PFAG urges authorities to take decisive action against sand winning on farmlands 

By Emmanuel Gamson, GNA 

Takoradi, Dec. 01, GNA – The Peasant Farmers Association of Ghana (PFAG) has called on the appropriate authorities to take decisive action against illegal sand winning activities on farmlands, particularly for smallholder farmers. 

It said just like galamsey, sand winning activities were causing a devastating impact on fertile lands which negatively affected farming activities and robbed peasant farmers of their livelihoods. 

Mr Wepia Addo Awal, the President of the PFAG, made the call in an interview with the Ghana News Agency (GNA), in Takoradi. 

He said: “As smallholder farmers, sand winning is devastating some of our farmlands because anytime such activities take place on the lands, the top soil which contains much of the nutrients is totally destroyed leaving the lands to become unproductive.” 

He explained that this translated into low crop production which affected the livelihoods of farmers and subsequently threatened the country’s food security in the long run. 

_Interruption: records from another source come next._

lemma Holder_inequality_nn_integral:
  fixes f h :: "'a \<Rightarrow> real"
  assumes r: "r > 1" and q: "q > 1" and rq: "1 / r + 1 / q = 1" and G: "G > 0"
    and [measurable]: "f \<in> borel_measurable M" "h \<in> borel_measurable M"
    and h_nonneg: "\<And>x. 0 \<le> h x"
    and f_norm: "(\<integral>\<^sup>+ x. ennreal (\<bar>f x\<bar> powr r) \<partial>M) \<le> 1"
    and h_norm: "(\<integral>\<^sup>+ x. ennreal (h x powr q) \<partial>M) \<le> ennreal (G powr q)"
  shows "(\<integral>\<^sup>+ x. ennreal (h x * \<bar>f x\<bar>) \<partial>M) \<le> ennreal G"
proof -
  define D where "D = G powr (1 - q) / q"
  have D: "0 < D" using G q by (simp add: D_def)
  have Young: "h x * \<bar>f x\<bar> \<le> G / r * \<bar>f x\<bar> powr r + D * h x powr q" for x
  proof -
    have "h x * \<bar>f x\<bar> = G * (\<bar>f x\<bar> * (h x / G))" using G by simp
    also have "\<dots> \<le> G * (\<bar>f x\<bar> powr r / r + (h x / G) powr q / q)"
      using Youngs_inequality[OF r q rq, of "\<bar>f x\<bar>" "h x / G"] G h_nonneg[of x]
      by (intro mult_left_mono) auto
    also have "\<dots> = G / r * \<bar>f x\<bar> powr r + D * h x powr q"
      using G h_nonneg[of x] by (simp add: D_def powr_divide powr_diff field_simps)
    finally show ?thesis .
  qed
  have "(\<integral>\<^sup>+ x. ennreal (h x * \<bar>f x\<bar>) \<partial>M)
      \<le> (\<integral>\<^sup>+ x. ennreal (G / r) * ennreal (\<bar>f x\<bar> powr r) + ennreal D * ennreal (h x powr q) \<partial>M)"
    using Young G r D by (intro nn_integral_mono) (simp flip: ennreal_mult ennreal_plus add: ennreal_leI)
  also have "\<dots> = ennreal (G / r) * (\<integral>\<^sup>+ x. ennreal (\<bar>f x\<bar> powr r) \<partial>M)
      + ennreal D * (\<integral>\<^sup>+ x. ennreal (h x powr q) \<partial>M)"
    by (simp add: nn_integral_add nn_integral_cmult)
  also have "\<dots> \<le> ennreal (G / r) * 1 + ennreal D * ennreal (G powr q)"
    using f_norm h_norm by (intro add_mono mult_left_mono) auto
  also have "\<dots> = ennreal (G / r + G / q)"
  proof -
    have "D * G powr q = G / q"
      using G by (simp add: D_def powr_diff)
    then show ?thesis
      using G r q D by (simp flip: ennreal_mult ennreal_plus)
  qed
  also have "\<dots> = ennreal (G * (1 / r + 1 / q))"
    by (simp add: field_simps)
  finally show ?thesis
    using rq by simp
qed

section \<open>\<open>L\<^sup>p\<close> norms on (0,1)\<close>

lemma Lp_norm_ereal_eq:
  assumes "(\<integral>\<^sup>+ x. ennreal (\<bar>g x\<bar> powr r) \<partial>I01) = ennreal j" "0 \<le> j"
  shows "Lp_norm (ereal r) g = ereal (j powr (1 / r))"
  using assms by (simp add: Lp_norm_def)

lemma Lp_norm_ereal_le_iff:
  assumes "r > 0" "0 \<le> B"
  shows "Lp_norm (ereal r) g \<le> ereal B \<longleftrightarrow>
           (\<integral>\<^sup>+ x. ennreal (\<bar>g x\<bar> powr r) \<partial>I01) \<le> ennreal (B powr r)"
proof (cases "\<integral>\<^sup>+ x. ennreal (\<bar>g x\<bar> powr r) \<partial>I01")
  case (real j)
  have "j powr (1 / r) \<le> B \<longleftrightarrow> j \<le> B powr r"
  proof
    assume "j powr (1 / r) \<le> B"
    then have "(j powr (1 / r)) powr r \<le> B powr r"
      using assms real by (intro powr_mono2) auto
    then show "j \<le> B powr r"
      using assms real by (simp add: powr_powr)
  next
    assume "j \<le> B powr r"
    then have "j powr (1 / r) \<le> (B powr r) powr (1 / r)"
      using assms real by (intro powr_mono2) auto
    then show "j powr (1 / r) \<le> B"
      using assms by (simp add: powr_powr)
  qed
  then show ?thesis
    using assms real by (simp add: Lp_norm_ereal_eq)
qed (simp add: Lp_norm_def top_unique)

lemma Lp_norm_infinity_le_iff:
  assumes [measurable]: "g \<in> borel_measurable I01"
  shows "Lp_norm \<infinity> g \<le> ereal B \<longleftrightarrow> (AE x in I01. \<bar>g x\<bar> \<le> B)"
proof
  assume "Lp_norm \<infinity> g \<le> ereal B"
  then show "AE x in I01. \<bar>g x\<bar> \<le> B"
    using esssup_AE[of "\<lambda>x. ereal \<bar>g x\<bar>" I01]
    by (auto simp: Lp_norm_def elim!: eventually_mono dest: order_trans)
next
  assume "AE x in I01. \<bar>g x\<bar> \<le> B"
  then show "Lp_norm \<infinity> g \<le> ereal B"
    by (auto simp: Lp_norm_def intro!: esssup_I elim!: eventually_mono)
qed

lemma Lp_norm_infinity_ge:
  assumes "0 \<le> b" "b < 1" and ge: "\<And>t. b < t \<Longrightarrow> t < 1 \<Longrightarrow> B \<le> \<bar>g t\<bar>"
  shows "ereal B \<le> Lp_norm \<infinity> g"
proof (rule ccontr)
  assume "\<not> ereal B \<le> Lp_norm \<infinity> g"
  then have less: "esssup I01 (\<lambda>x. ereal \<bar>g x\<bar>) < ereal B"
    by (simp add: Lp_norm_def)
  have "AE x in I01. x \<notin> {b<..<1}"
    using esssup_AE[of "\<lambda>x. ereal \<bar>g x\<bar>" I01]
  proof eventually_elim
    case (elim x)
    then have "\<bar>g x\<bar> < B"
      using le_less_trans[OF elim less] by simp
    then show ?case
      using ge by force
  qed
  moreover have "{b<..<1} \<in> sets I01"
    using assms by (subst sets_restrict_space_iff) auto
  ultimately have "{b<..<1} \<in> null_sets I01"
    by (subst AE_iff_null_sets) auto
  then show False
    using assms emeasure_I01_interval[of b] by (simp add: null_sets_def)
qed

lemma Lp_norm_nonneg: "0 \<le> Lp_norm p g"
proof (cases "p = \<infinity>")
  case True
  have "ereal 0 \<le> Lp_norm \<infinity> g"
    by (rule Lp_norm_infinity_ge[of 0]) auto
  then show ?thesis
    using True by (simp add: zero_ereal_def)
qed (simp add: Lp_norm_def Let_def)

lemma Lp_norm_mono:
  assumes "1 \<le> p" and [measurable]: "g \<in> borel_measurable I01"
    and le: "\<And>t. t \<in> {0<..<1} \<Longrightarrow> \<bar>g t\<bar> \<le> \<bar>h t\<bar>"
  shows "Lp_norm p g \<le> Lp_norm p h"
proof (cases p)
  case PInf
  have "esssup I01 (\<lambda>x. ereal \<bar>g x\<bar>) \<le> esssup I01 (\<lambda>x. ereal \<bar>h x\<bar>)"
    using le by (intro esssup_AE_mono AE_I2) auto
  then show ?thesis
    using PInf by (simp add: Lp_norm_def)
next
  case (real r)
  then have r: "r \<ge> 1"
    using assms(1) by simp
  have J: "(\<integral>\<^sup>+ x. ennreal (\<bar>g x\<bar> powr r) \<partial>I01) \<le> (\<integral>\<^sup>+ x. ennreal (\<bar>h x\<bar> powr r) \<partial>I01)"
    using le r by (intro nn_integral_mono ennreal_leI powr_mono2) auto
  show ?thesis
  proof (cases "\<integral>\<^sup>+ x. ennreal (\<bar>h x\<bar> powr r) \<partial>I01")
    case (real j)
    with J obtain i where "(\<integral>\<^sup>+ x. ennreal (\<bar>g x\<bar> powr r) \<partial>I01) = ennreal i" "0 \<le> i" "i \<le> j"
      by (cases "\<integral>\<^sup>+ x. ennreal (\<bar>g x\<bar> powr r) \<partial>I01") (auto simp: top_unique)
    with real r show ?thesis
      by (simp add: \<open>p = ereal r\<close> Lp_norm_ereal_eq powr_mono2)
  qed (simp add: Lp_norm_def \<open>p = ereal r\<close>)
qed (use assms(1) in simp)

Mr Awal stated that the Association had taken note of the increase in sand winning activities, and that institutions like the Ministry of Food and Agriculture, district assemblies, and other relevant stakeholders in the agricultural value chain must act swiftly to fight the menace. 

“We expect the authorities to take this as a matter of urgency, so that areas that have been demarcated for agricultural farmlands should be exempted when it comes to sand winning,” he said. 

On what the Association was doing to help protect its members from such activities, the PFAG President stated that they would empower their members to report cases of sand winning activities on their farmlands to the appropriate authorities for intervention. 

He said if this canker was not nipped in the bud and allowed to escalate like the galamsey menace, which had already devastated farmlands, then it was seriously going to affect food production and threaten Ghana’s food security.